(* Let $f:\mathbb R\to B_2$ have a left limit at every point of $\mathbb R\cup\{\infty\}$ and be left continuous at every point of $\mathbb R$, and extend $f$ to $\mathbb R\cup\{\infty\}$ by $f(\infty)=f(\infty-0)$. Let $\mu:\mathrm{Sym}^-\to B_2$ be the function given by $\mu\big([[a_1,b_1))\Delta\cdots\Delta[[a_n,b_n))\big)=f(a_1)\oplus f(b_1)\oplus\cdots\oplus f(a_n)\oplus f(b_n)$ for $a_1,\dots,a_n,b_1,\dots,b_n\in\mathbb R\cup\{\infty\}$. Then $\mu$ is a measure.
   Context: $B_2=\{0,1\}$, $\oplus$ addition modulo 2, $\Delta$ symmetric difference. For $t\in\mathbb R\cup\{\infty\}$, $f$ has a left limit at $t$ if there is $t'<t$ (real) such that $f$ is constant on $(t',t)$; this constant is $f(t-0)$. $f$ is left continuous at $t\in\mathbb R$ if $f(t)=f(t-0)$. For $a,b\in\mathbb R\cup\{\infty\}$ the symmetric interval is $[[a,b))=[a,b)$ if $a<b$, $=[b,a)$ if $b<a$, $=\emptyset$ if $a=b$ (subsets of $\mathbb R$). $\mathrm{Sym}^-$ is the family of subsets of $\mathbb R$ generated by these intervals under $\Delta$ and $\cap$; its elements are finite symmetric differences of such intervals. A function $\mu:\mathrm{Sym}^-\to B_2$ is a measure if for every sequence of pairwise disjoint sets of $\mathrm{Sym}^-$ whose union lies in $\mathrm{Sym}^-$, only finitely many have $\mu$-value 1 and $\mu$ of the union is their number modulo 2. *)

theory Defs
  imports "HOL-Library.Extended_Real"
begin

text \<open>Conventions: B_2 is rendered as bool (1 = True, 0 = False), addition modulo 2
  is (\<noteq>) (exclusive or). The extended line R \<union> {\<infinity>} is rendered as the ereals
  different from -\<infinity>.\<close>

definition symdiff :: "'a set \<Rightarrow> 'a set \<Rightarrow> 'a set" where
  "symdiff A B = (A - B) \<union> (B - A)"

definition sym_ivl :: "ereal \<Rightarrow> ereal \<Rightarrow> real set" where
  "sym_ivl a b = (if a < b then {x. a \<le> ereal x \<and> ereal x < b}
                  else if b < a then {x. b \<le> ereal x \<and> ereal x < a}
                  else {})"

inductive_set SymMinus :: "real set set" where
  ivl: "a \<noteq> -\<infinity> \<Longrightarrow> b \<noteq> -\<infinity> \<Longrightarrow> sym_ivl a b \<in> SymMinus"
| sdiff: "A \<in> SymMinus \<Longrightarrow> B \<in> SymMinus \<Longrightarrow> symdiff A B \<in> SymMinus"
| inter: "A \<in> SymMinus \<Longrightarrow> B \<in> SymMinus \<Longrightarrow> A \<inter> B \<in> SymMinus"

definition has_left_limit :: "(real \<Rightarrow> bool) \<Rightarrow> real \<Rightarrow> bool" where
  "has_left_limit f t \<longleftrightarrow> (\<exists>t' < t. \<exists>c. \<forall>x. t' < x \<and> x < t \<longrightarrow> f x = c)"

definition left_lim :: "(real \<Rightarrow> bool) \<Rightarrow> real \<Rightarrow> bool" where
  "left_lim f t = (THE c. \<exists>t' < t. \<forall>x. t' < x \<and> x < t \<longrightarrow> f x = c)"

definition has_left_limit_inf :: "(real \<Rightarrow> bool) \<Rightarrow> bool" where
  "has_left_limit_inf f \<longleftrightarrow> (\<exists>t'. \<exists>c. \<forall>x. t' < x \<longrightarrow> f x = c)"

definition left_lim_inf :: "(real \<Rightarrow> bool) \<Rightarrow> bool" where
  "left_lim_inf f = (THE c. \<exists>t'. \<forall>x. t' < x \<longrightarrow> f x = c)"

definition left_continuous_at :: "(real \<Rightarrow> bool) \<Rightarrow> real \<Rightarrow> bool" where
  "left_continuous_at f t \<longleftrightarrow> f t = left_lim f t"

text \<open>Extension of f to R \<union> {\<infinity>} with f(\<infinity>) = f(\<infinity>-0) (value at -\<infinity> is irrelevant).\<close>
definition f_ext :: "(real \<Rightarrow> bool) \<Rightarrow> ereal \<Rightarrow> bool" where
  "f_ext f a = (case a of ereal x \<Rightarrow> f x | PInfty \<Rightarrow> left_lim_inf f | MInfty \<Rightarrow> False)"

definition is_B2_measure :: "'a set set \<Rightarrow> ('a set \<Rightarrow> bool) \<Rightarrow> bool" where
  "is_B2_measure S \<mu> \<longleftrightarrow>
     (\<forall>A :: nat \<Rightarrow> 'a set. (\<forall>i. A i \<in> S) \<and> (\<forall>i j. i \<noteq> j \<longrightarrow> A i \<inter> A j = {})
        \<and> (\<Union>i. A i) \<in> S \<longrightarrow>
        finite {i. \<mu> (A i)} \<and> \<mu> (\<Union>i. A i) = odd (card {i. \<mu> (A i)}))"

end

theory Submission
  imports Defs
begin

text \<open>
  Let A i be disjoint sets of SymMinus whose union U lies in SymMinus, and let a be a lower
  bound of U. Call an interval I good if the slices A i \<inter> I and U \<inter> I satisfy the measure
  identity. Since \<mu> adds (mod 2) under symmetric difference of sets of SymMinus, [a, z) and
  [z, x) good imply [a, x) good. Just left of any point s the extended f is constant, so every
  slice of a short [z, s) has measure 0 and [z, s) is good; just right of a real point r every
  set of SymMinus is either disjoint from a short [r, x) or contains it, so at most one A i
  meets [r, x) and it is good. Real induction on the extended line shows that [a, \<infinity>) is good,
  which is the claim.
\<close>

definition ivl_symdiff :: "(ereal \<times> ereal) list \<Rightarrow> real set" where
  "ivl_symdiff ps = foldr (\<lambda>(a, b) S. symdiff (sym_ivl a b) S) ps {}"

...

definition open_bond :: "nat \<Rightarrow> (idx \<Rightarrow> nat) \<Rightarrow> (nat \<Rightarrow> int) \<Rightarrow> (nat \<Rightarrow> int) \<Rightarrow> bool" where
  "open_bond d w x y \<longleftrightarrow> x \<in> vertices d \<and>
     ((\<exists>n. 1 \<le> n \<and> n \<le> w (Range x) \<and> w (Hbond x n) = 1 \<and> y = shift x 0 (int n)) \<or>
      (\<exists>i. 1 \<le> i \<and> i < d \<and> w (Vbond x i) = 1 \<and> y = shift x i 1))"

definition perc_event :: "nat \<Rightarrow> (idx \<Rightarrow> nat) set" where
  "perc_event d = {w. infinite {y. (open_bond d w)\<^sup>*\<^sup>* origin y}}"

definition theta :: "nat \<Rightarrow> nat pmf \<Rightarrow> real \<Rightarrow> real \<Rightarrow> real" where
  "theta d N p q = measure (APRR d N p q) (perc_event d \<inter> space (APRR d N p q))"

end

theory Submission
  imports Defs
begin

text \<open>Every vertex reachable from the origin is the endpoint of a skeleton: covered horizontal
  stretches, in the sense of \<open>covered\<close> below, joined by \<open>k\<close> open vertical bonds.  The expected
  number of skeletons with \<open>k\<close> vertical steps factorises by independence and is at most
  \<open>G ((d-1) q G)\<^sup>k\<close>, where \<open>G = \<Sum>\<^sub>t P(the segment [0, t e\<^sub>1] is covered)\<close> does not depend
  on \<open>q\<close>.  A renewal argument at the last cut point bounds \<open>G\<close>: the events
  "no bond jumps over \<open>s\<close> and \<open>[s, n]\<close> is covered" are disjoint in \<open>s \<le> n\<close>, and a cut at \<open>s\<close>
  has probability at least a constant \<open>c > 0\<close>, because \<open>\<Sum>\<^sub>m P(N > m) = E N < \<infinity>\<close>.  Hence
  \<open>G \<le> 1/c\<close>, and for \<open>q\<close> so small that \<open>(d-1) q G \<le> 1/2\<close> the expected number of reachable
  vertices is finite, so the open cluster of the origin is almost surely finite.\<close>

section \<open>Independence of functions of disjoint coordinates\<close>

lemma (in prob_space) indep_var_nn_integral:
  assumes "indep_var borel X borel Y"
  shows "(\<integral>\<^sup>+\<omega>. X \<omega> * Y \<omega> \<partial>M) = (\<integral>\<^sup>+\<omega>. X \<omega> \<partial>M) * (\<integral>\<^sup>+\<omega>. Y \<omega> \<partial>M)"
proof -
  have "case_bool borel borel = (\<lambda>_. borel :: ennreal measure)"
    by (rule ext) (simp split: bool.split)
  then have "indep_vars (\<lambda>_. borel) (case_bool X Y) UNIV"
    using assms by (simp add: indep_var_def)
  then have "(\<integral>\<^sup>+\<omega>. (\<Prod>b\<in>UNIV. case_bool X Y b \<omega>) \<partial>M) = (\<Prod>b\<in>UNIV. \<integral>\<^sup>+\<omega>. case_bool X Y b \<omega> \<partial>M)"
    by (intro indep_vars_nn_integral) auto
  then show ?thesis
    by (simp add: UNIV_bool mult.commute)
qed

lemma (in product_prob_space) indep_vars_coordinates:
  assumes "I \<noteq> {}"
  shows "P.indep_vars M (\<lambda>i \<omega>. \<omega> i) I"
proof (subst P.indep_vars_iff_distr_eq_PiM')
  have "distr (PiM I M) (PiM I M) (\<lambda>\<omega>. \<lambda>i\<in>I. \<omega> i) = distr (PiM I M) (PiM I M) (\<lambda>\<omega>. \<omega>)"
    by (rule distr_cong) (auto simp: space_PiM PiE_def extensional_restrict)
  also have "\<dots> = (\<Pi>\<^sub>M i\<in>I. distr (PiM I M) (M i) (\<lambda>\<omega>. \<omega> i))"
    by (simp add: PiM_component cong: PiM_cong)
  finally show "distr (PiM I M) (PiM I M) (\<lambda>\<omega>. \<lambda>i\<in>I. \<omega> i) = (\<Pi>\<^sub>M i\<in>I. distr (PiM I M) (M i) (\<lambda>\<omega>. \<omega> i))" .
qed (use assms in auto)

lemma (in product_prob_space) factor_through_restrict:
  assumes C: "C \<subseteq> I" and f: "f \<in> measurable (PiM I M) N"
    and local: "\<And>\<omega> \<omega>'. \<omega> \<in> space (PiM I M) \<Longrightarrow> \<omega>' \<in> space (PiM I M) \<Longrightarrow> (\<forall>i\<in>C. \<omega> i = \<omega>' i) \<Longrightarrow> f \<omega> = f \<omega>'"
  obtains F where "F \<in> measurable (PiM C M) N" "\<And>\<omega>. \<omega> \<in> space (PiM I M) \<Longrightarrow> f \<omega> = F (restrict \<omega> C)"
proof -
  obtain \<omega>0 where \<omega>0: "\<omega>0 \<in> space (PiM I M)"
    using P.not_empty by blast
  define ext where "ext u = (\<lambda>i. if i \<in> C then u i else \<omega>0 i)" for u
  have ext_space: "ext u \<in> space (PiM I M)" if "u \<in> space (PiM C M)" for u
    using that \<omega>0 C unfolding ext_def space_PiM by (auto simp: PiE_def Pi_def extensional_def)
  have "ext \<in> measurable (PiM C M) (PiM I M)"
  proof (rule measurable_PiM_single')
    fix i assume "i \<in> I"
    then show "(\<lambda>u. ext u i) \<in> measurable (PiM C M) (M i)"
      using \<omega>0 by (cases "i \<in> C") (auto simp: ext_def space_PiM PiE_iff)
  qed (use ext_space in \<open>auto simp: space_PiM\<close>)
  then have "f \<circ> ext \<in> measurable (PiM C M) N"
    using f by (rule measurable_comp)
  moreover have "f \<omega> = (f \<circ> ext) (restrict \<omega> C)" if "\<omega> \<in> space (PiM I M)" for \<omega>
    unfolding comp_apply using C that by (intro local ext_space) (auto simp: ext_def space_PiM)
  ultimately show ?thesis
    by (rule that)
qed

WORK TASK.
Could you copy every line from the records that has "expected" in it?

THE COMPLETED TASK.
  stretches, in the sense of \<open>covered\<close> below, joined by \<open>k\<close> open vertical bonds.  The expected
  \<open>G \<le> 1/c\<close>, and for \<open>q\<close> so small that \<open>(d-1) q G \<le> 1/2\<close> the expected number of reachable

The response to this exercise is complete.